To really understand how to avoid arriving at an incorrect conclusion, it is important to consider not just the extrema of the interval that $\sin x$ maps to, but also the intermediate values that are possible. To do this, observe
$$-1 \le \sin x \le 1 \tag{1}$$ implies $$5 \ge -5 \sin x \ge -5. \tag{2}$$ (Recall that multiplying an inequality by a negative number reverses the direction of the inequality.) Hence $$4 + 5 \ge 4 - 5 \sin x \ge 4 - 5$$ or equivalently $$9 \ge 4 - 5 \sin x \ge -1. \tag{3}$$ Now, here is where the mistake is made: if you took reciprocals of this inequality, you might think it will look like this:
$$\frac{1}{9} \le \frac{1}{4 - 5 \sin x} \le -1.$$ Again, remember that taking reciprocals, like negation, will reverse the direction of the inequality. But this inequality does not make any sense because $1/9 > -1$. In the previous step $(3)$, clearly the choice $x = 0$ would give us a valid result, $9 \ge 4 \ge -1$. But after taking reciprocals, $1/9 \le 1/4$ is still true, but $1/4 \le -1$ is false. A piece of reasoning is missing.
The missing piece is that the inequality $(3)$ contains $0$. If I had written $$9 \ge y \ge -1,$$ then $y = 0$ is a valid solution to this inequality; however, upon taking reciprocals, $1/y$ is not defined when $y = 0$. So this is the first hint.
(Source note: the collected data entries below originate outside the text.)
lemma biconn_piece_around_dominating_vertex:
  assumes "threshold VH F" "F \<subseteq> E"
    and dominating: "\<And>e x. e \<in> F \<Longrightarrow> x \<in> e \<Longrightarrow> x = u \<or> {u, x} \<in> F"
  defines "S \<equiv> insert u (\<Union>{e \<in> F. u \<notin> e})"
  shows "biconn_piece S (induced_edges E S)"
proof -
  let ?N = "\<Union>{e \<in> F. u \<notin> e}" and ?F = "{e \<in> F. u \<notin> e}"
  have "u \<in> S" by (simp add: S_def)
  have hub: "{u, x} \<in> induced_edges E S" if x: "x \<in> S" "x \<noteq> u" for x
  proof -
    obtain e where "e \<in> F" "x \<in> e" using x by (auto simp: S_def)
    then have "{u, x} \<in> F" using dominating x(2) by blast
    then show ?thesis using assms(2) x(1) \<open>u \<in> S\<close> by (auto simp: induced_edges_def)
  qed
  have "reachable (S - {v}) (del_vertex_edges (induced_edges E S) v) x y"
    if "x \<in> S - {v}" "y \<in> S - {v}" for v x y
  proof (cases "v = u")
    case True
    then have "S - {v} = ?N" by (auto simp: S_def)
    have "reachable ?N ?F x y"
    proof (rule reachable_2K2_free_no_isolated)
      show "\<exists>y\<in>?N. {x, y} \<in> ?F" if "x \<in> ?N" for x
      proof -
        obtain e where e: "e \<in> F" "u \<notin> e" "x \<in> e" using \<open>x \<in> ?N\<close> by auto
        obtain a b where "e = {a, b}"
          using graph_edgeE[OF threshold_imp_graph[OF assms(1)] e(1)] by metis
        then have "e = {x, if a = x then b else a}" using e(3) by auto
        then show ?thesis using e by (intro bexI[of _ "if a = x then b else a"]) auto
      qed
      show "{a, c} \<in> ?F \<or> {a, d} \<in> ?F \<or> {b, c} \<in> ?F \<or> {b, d} \<in> ?F"
        if "{a, b} \<in> ?F" "{c, d} \<in> ?F" "a \<noteq> c" "a \<noteq> d" "b \<noteq> c" "b \<noteq> d" for a b c d
        using that threshold_2K2_free[OF assms(1), of a b c d] by auto
    qed (use that \<open>S - {v} = ?N\<close> in auto)
    moreover have "?F \<subseteq> del_vertex_edges (induced_edges E S) v"
      using True assms(2) unfolding S_def induced_edges_def del_vertex_edges_def by auto
    ultimately show ?thesis using reachable_mono_edges \<open>S - {v} = ?N\<close> by metis
  next
    case False
    have "connected_graph (S - {v}) (del_vertex_edges (induced_edges E S) v)"
      using False hub \<open>u \<in> S\<close> by (intro connected_graph_star) (auto simp: del_vertex_edges_def)
    then show ?thesis using that unfolding connected_graph_def by auto
  qed
  moreover have "connected_graph S (induced_edges E S)"
    using hub \<open>u \<in> S\<close> by (intro connected_graph_star) auto
  ultimately show ?thesis unfolding biconn_piece_def cut_vertex_def by auto
qed

lemma biconn_piece_in_block:
  assumes "graph V E" "subgraph S ES V E" "biconn_piece S ES"
  shows "\<exists>Q EQ. is_block V E Q EQ \<and> S \<subseteq> Q \<and> ES \<subseteq> EQ"
proof -
  let ?C = "{(B, EB). subgraph B EB V E \<and> biconn_piece B EB}"
  have "?C \<subseteq> Pow V \<times> Pow E" unfolding subgraph_def by auto
  moreover have "finite (Pow V \<times> Pow E)"
    using assms(1) graph_finite_edges[OF assms(1)] by (simp add: graph_def)
  ultimately have "finite ?C" by (rule finite_subset)
  \<comment> \<open>pairs are ordered componentwise by inclusion\<close>
  then obtain Q EQ where "(Q, EQ) \<in> ?C" "(S, ES) \<le> (Q, EQ)" "\<forall>b\<in>?C. (Q, EQ) \<le> b \<longrightarrow> (Q, EQ) = b"
    using finite_has_maximal2[of ?C "(S, ES)"] assms(2,3) by auto
  then have "is_block V E Q EQ" "S \<subseteq> Q" "ES \<subseteq> EQ" unfolding is_block_def by auto
  then show ?thesis by blast
qed

lemma subset_Qu_edges:
  assumes "graph VH F" "F \<subseteq> E" "complete_graph Q EQ" "\<Union>{e \<in> F. u \<notin> e} \<subseteq> Q"
  shows "F \<subseteq> snd (Qu Q EQ E u)"
proof
  fix e assume "e \<in> F"
  then obtain x y where xy: "e = {x, y}" "x \<noteq> y" using graph_edgeE[OF assms(1)] by metis
  show "e \<in> snd (Qu Q EQ E u)"
  proof (cases "u \<in> e")
    case True
    then show ?thesis using \<open>e \<in> F\<close> assms(2) by (auto simp: Qu_def incident_edges_def)
  next
    case False
    then have "x \<in> Q" "y \<in> Q" using \<open>e \<in> F\<close> xy assms(4) by auto
    then show ?thesis using xy assms(3) by (auto simp: Qu_def complete_graph_def)
  qed
qed
definition special_monic_closed :: "('o,'m) tcat \<Rightarrow> 'o set \<Rightarrow> 'o set \<Rightarrow> bool" where
  "special_monic_closed T X C \<longleftrightarrow> subcat T C \<and> X \<subseteq> C \<and>
     (\<forall>A \<in> C. \<exists>i p q. (i,p,q) \<in> Tri T \<and> Dom T i = A \<and> preenv T X i \<and> Cod T p \<in> C) \<and>
     (\<forall>i p q f. (i,p,q) \<in> Tri T \<and> Dom T i \<in> C \<and> Cod T p \<in> C \<and> preenv T X i \<and>
         f \<in> Arr T \<and> Dom T f = Dom T i \<and> Cod T f \<in> C \<longrightarrow>
         (\<exists>P p1 p2 i1 i2 h v w. biprod T (Cod T i) (Cod T f) P p1 p2 i1 i2 \<and>
            h \<in> Hom T (Dom T i) P \<and> Cmp T p1 h = i \<and> Cmp T p2 h = f \<and>
            (h,v,w) \<in> Tri T \<and> Cod T v \<in> C))"

definition special_epic_closed :: "('o,'m) tcat \<Rightarrow> 'o set \<Rightarrow> 'o set \<Rightarrow> bool" where
  "special_epic_closed T X C \<longleftrightarrow> subcat T C \<and> X \<subseteq> C \<and>
     (\<forall>A \<in> C. \<exists>\<iota> \<pi> q. (\<iota>,\<pi>,q) \<in> Tri T \<and> Cod T \<pi> = A \<and> precov T X \<pi> \<and> Dom T \<iota> \<in> C) \<and>
     (\<forall>\<iota> \<pi> q f. (\<iota>,\<pi>,q) \<in> Tri T \<and> Dom T \<iota> \<in> C \<and> Cod T \<pi> \<in> C \<and> precov T X \<pi> \<and>
         f \<in> Arr T \<and> Cod T f = Cod T \<pi> \<and> Dom T f \<in> C \<longrightarrow>
         (\<exists>P p1 p2 i1 i2 h a w. biprod T (Dom T \<pi>) (Dom T f) P p1 p2 i1 i2 \<and>
            h \<in> Hom T P (Cod T \<pi>) \<and> Cmp T h i1 = \<pi> \<and> Cmp T h i2 = f \<and>
            (a,h,w) \<in> Tri T \<and> Dom T a \<in> C))"

text \<open>Frobenius: the fixed triangles of (a) are taken to be some choice of such triangles;
  as a hypothesis this is expressed by existence for each object.\<close>
definition frob_monic :: "('o,'m) tcat \<Rightarrow> 'o set \<Rightarrow> 'o set \<Rightarrow> bool" where
  "frob_monic T X C \<longleftrightarrow> special_monic_closed T X C \<and>
     (\<forall>A \<in> C. \<exists>u v w. (u,v,w) \<in> Tri T \<and> Cod T v = A \<and> Dom T u \<in> C \<and> preenv T X u) \<and>
     (\<forall>A \<in> C. \<exists>i p q. (i,p,q) \<in> Tri T \<and> Dom T i = A \<and> preenv T X i \<and> Cod T p \<in> C \<and>
         precov T X p)"

definition frob_epic :: "('o,'m) tcat \<Rightarrow> 'o set \<Rightarrow> 'o set \<Rightarrow> bool" where
  "frob_epic T X C \<longleftrightarrow> special_epic_closed T X C \<and>
     (\<forall>A \<in> C. \<exists>u v w. (u,v,w) \<in> Tri T \<and> Dom T u = A \<and> Cod T v \<in> C \<and> precov T X v) \<and>
     (\<forall>A \<in> C. \<exists>\<iota> \<pi> q. (\<iota>,\<pi>,q) \<in> Tri T \<and> Cod T \<pi> = A \<and> precov T X \<pi> \<and> Dom T \<iota> \<in> C \<and>
         preenv T X \<iota>)"

text \<open>Perpendicular categories inside the factor category Amb/[X].\<close>
definition perpR :: "('o,'m) tcat \<Rightarrow> 'o set \<Rightarrow> 'o set \<Rightarrow> 'o set \<Rightarrow> 'o set" where
  "perpR T Amb X S = {W \<in> Amb. \<forall>S0 \<in> S. \<forall>f \<in> Hom T S0 W. factors T X f}"

definition perpL :: "('o,'m) tcat \<Rightarrow> 'o set \<Rightarrow> 'o set \<Rightarrow> 'o set \<Rightarrow> 'o set" where
  "perpL T Amb X S = {W \<in> Amb. \<forall>S0 \<in> S. \<forall>f \<in> Hom T W S0. factors T X f}"

text \<open>Localization triple of T. The triangle A[-1] -> W_A -> Q(A) -> A is rendered as a
  distinguished triangle X' -> W_A -> Q(A) -c-> X'[1] with an isomorphism theta : X'[1] -> A,
  r_A = theta o c.\<close>
definition loc_triple :: "('o,'m) tcat \<Rightarrow> 'o set \<Rightarrow> 'o set \<Rightarrow> 'o set \<Rightarrow> bool" where
  "loc_triple T U X V \<longleftrightarrow> X \<subseteq> U \<inter> V \<and>
     (\<forall>A. \<exists>a b c \<theta>. (a,b,c) \<in> Tri T \<and> \<theta> \<in> Hom T (Sh T (Dom T a)) A \<and> iso T \<theta> \<and>
         precov T U (Cmp T \<theta> c) \<and> Cod T a \<in> perpR T UNIV X U \<and>
         (A \<in> V \<longrightarrow> Cod T b \<in> U \<inter> V \<and> Cod T a \<in> perpR T V X (U \<inter> V))) \<and>
     (\<forall>A. \<exists>j v w. (j,v,w) \<in> Tri T \<and> Dom T j = A \<and> preenv T V j \<and>
         Cod T v \<in> perpL T UNIV X V \<and>
         (A \<in> U \<longrightarrow> Cod T j \<in> U \<inter> V \<and> Cod T v \<in> perpL T U X (U \<inter> V)))"

definition N_loc_triple :: "('o,'m) tcat \<Rightarrow> 'o set \<Rightarrow> 'o set \<Rightarrow> 'o set \<Rightarrow> 'o set \<Rightarrow> bool" where
  "N_loc_triple T U X V N \<longleftrightarrow> loc_triple T U X V \<and> X = U \<inter> V \<inter> N \<and>
     perpR T UNIV X U \<subseteq> N \<and> perpL T UNIV X V \<subseteq> N"

definition verdier :: "('o,'m) tcat \<Rightarrow> 'o set \<Rightarrow> 'o set \<Rightarrow> 'o set \<Rightarrow> 'o set \<Rightarrow> bool" where
  "verdier T U X V N \<longleftrightarrow> (\<forall>s v w. (s,v,w) \<in> Tri T \<and> Dom T s \<in> U \<inter> V \<and>
     Cod T s \<in> U \<inter> V \<and> Cod T v \<in> N \<longrightarrow> q_iso T X s)"

end

theory Submission
  imports Defs
begin

text \<open>
  Let \<open>s : A \<rightarrow> B\<close> be a morphism of \<open>C = U \<inter> V\<close> whose cone lies in \<open>N\<close>; of the
  localization triple only \<open>X = C \<inter> N\<close> is needed. In the monic case, the closure property applied to
  \<open>s\<close> and a Frobenius triangle \<open>A \<rightarrow> X\<^sub>A \<rightarrow> U\<^sub>A \<rightarrow> A[1]\<close> gives a triangle
  \<open>A \<rightarrow> X\<^sub>A \<oplus> B \<rightarrow> M \<rightarrow> A[1]\<close> with \<open>M \<in> C\<close>. The projection \<open>X\<^sub>A \<oplus> B \<rightarrow> B\<close>
  has its cone in \<open>N\<close>, so by the octahedral axiom \<open>M \<in> N\<close>, i.e. \<open>M \<in> X\<close>. As
  \<open>X\<^sub>A \<rightarrow> U\<^sub>A\<close> is an \<open>X\<close>-precover, the map \<open>M \<rightarrow> A[1]\<close> vanishes and the triangle splits.
  Restricting its retraction \<open>X\<^sub>A \<oplus> B \<rightarrow> A\<close> to \<open>B\<close> gives an inverse of \<open>s\<close> up to maps
  factoring through \<open>X\<^sub>A\<close> and \<open>M\<close>. The epic case is dual.
\<close>

lemma frob_monic_triangle:
  assumes "frob_monic T X C" "A \<in> C"
  obtains i p q where "(i,p,q) \<in> Tri T" "Dom T i = A" "preenv T X i" "Cod T p \<in> C" "precov T X p"
  using assms unfolding frob_monic_def by blast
The second hint is that if $y$ is negative, say $y = -1/2$, then taking reciprocals gives us $9 \le -2 \le -1$ which is true on the right-hand side but not the left. So what we need to do here is split the compound inequality $(3)$ into separate inequalities according to whether the middle term is positive or negative (zero is not allowed):
$$9 \ge 4 - 5 \sin x > 0, \quad {\bf\text{or}} \quad 0 > 4 - 5 \sin x \ge -1. \tag{4}$$ Now that we have done this, taking reciprocals of each will no longer result in a contradiction:
$$\frac{1}{9} \le \frac{1}{4 - 5 \sin x} < \infty, \quad \text{or} \quad -\infty < \frac{1}{4 - 5 \sin x} \le -1. \tag{5}$$ Now we multiply by $3$ and drop the infinities (because they are implied) to get
$$\frac{1}{3} \le \frac{3}{4 - 5 \sin x}, \quad \text{or} \quad \frac{3}{4 - 5 \sin x} \le -3. \tag{6}$$ This gives us the desired range of the function.